** INFORMATION PROVIDED **
>>>

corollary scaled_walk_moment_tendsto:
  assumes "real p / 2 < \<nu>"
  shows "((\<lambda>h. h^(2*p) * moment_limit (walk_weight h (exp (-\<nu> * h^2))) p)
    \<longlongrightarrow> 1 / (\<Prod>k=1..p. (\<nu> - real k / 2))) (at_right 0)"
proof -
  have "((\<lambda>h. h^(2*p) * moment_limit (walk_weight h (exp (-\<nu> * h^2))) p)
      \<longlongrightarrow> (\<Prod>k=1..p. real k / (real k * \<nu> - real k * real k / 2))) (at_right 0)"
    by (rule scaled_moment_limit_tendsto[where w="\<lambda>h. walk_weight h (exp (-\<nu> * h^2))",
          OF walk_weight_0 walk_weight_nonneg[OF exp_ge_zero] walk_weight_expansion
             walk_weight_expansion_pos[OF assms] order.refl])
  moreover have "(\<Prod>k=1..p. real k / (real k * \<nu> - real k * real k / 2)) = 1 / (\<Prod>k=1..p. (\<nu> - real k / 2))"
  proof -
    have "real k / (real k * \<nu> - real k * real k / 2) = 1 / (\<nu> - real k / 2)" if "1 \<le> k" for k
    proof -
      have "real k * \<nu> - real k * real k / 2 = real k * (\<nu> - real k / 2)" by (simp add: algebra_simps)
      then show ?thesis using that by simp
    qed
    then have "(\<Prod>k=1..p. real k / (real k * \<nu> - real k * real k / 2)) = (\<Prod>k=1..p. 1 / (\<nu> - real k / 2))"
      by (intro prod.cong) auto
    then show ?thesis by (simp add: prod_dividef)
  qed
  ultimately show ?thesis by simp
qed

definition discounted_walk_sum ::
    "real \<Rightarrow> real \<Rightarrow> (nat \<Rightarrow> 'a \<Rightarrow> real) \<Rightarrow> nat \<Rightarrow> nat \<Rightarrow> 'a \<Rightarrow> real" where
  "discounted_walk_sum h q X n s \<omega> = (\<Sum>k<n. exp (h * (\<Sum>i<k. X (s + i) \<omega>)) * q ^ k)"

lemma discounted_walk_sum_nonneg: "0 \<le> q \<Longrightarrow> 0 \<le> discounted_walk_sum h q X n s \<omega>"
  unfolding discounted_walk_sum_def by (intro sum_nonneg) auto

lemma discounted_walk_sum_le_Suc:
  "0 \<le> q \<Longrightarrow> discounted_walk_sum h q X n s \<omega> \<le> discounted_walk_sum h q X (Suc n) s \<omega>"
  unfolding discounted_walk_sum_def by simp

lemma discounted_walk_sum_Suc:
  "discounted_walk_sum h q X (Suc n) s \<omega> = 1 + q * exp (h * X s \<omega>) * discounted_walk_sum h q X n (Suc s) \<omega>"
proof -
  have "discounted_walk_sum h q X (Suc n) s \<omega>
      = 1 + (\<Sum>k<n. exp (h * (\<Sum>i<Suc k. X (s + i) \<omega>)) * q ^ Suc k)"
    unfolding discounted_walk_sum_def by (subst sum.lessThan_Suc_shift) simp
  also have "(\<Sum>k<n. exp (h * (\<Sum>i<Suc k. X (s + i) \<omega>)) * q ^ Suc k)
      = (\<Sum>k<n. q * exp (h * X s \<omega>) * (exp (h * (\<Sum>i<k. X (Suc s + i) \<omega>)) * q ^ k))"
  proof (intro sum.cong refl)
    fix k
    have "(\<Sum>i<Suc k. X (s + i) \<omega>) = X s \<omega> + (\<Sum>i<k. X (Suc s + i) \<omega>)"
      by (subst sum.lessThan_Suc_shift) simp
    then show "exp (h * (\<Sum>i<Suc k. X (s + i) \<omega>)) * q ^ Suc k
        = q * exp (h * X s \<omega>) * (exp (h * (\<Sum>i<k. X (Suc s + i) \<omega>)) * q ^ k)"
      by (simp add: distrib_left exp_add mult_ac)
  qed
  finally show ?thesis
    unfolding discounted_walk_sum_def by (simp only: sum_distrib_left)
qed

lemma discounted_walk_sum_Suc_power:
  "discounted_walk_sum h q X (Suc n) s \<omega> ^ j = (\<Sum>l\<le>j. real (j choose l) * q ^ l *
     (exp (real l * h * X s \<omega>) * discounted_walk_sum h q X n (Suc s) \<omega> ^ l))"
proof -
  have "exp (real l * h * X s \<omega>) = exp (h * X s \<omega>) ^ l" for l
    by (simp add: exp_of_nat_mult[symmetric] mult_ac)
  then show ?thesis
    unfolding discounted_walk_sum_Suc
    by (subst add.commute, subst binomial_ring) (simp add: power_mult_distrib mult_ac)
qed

<<<
>>>

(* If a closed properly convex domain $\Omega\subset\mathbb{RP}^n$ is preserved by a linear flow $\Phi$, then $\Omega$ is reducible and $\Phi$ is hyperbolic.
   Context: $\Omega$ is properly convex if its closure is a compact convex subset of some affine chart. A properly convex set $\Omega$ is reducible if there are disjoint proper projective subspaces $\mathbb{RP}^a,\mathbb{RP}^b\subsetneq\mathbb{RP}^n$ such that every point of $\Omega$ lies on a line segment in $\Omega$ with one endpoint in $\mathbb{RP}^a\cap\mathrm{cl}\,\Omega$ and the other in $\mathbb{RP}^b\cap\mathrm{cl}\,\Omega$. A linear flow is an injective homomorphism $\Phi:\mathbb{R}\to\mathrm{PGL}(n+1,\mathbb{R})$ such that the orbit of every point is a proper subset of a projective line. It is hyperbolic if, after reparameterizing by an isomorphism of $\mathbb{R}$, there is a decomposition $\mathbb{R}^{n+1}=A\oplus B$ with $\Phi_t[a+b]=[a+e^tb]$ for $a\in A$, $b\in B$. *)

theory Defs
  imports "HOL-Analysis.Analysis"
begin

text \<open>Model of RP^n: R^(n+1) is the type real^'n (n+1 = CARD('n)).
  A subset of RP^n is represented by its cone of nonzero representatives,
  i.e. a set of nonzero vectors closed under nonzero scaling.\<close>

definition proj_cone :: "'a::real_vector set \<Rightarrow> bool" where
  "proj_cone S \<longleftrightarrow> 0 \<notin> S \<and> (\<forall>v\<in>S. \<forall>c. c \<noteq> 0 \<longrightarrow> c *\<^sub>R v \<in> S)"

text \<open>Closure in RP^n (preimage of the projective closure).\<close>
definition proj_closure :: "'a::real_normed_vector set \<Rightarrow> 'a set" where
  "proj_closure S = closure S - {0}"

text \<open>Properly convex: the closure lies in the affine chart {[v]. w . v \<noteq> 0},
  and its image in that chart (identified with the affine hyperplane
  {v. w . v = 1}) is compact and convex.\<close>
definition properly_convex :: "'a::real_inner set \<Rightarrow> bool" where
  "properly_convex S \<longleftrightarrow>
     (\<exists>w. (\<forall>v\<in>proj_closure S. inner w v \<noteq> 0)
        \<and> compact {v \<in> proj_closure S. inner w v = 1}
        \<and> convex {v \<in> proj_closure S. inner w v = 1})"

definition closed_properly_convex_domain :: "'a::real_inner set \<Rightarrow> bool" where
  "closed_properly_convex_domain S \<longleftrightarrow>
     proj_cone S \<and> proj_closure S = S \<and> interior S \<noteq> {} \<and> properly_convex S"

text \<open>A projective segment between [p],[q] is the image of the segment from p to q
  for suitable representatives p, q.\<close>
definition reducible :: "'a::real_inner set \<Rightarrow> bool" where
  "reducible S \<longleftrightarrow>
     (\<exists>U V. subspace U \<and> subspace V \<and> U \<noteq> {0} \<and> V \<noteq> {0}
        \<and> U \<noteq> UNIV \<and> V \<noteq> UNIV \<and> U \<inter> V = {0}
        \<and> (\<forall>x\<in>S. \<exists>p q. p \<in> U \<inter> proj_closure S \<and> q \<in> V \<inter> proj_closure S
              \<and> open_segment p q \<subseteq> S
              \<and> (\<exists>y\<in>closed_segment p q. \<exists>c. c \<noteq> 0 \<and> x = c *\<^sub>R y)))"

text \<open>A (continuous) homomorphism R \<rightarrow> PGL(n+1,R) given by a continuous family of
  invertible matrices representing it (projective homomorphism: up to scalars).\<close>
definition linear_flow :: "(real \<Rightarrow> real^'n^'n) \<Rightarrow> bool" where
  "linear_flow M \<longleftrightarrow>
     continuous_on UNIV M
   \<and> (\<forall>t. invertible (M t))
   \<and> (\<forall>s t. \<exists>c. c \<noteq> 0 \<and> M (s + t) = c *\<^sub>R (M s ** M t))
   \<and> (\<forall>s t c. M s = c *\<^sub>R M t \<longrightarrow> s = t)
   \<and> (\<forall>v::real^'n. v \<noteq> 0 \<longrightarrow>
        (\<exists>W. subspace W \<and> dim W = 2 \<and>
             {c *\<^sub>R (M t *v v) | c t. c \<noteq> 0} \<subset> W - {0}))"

<<<

** WORK INSTRUCTION **
Extract all lines from the data in which "unfolding" is found.

** COMPLETED EXERCISE **
  unfolding discounted_walk_sum_def by (intro sum_nonneg) auto
  unfolding discounted_walk_sum_def by simp
    unfolding discounted_walk_sum_def by (subst sum.lessThan_Suc_shift) simp
    unfolding discounted_walk_sum_def by (simp only: sum_distrib_left)
    unfolding discounted_walk_sum_Suc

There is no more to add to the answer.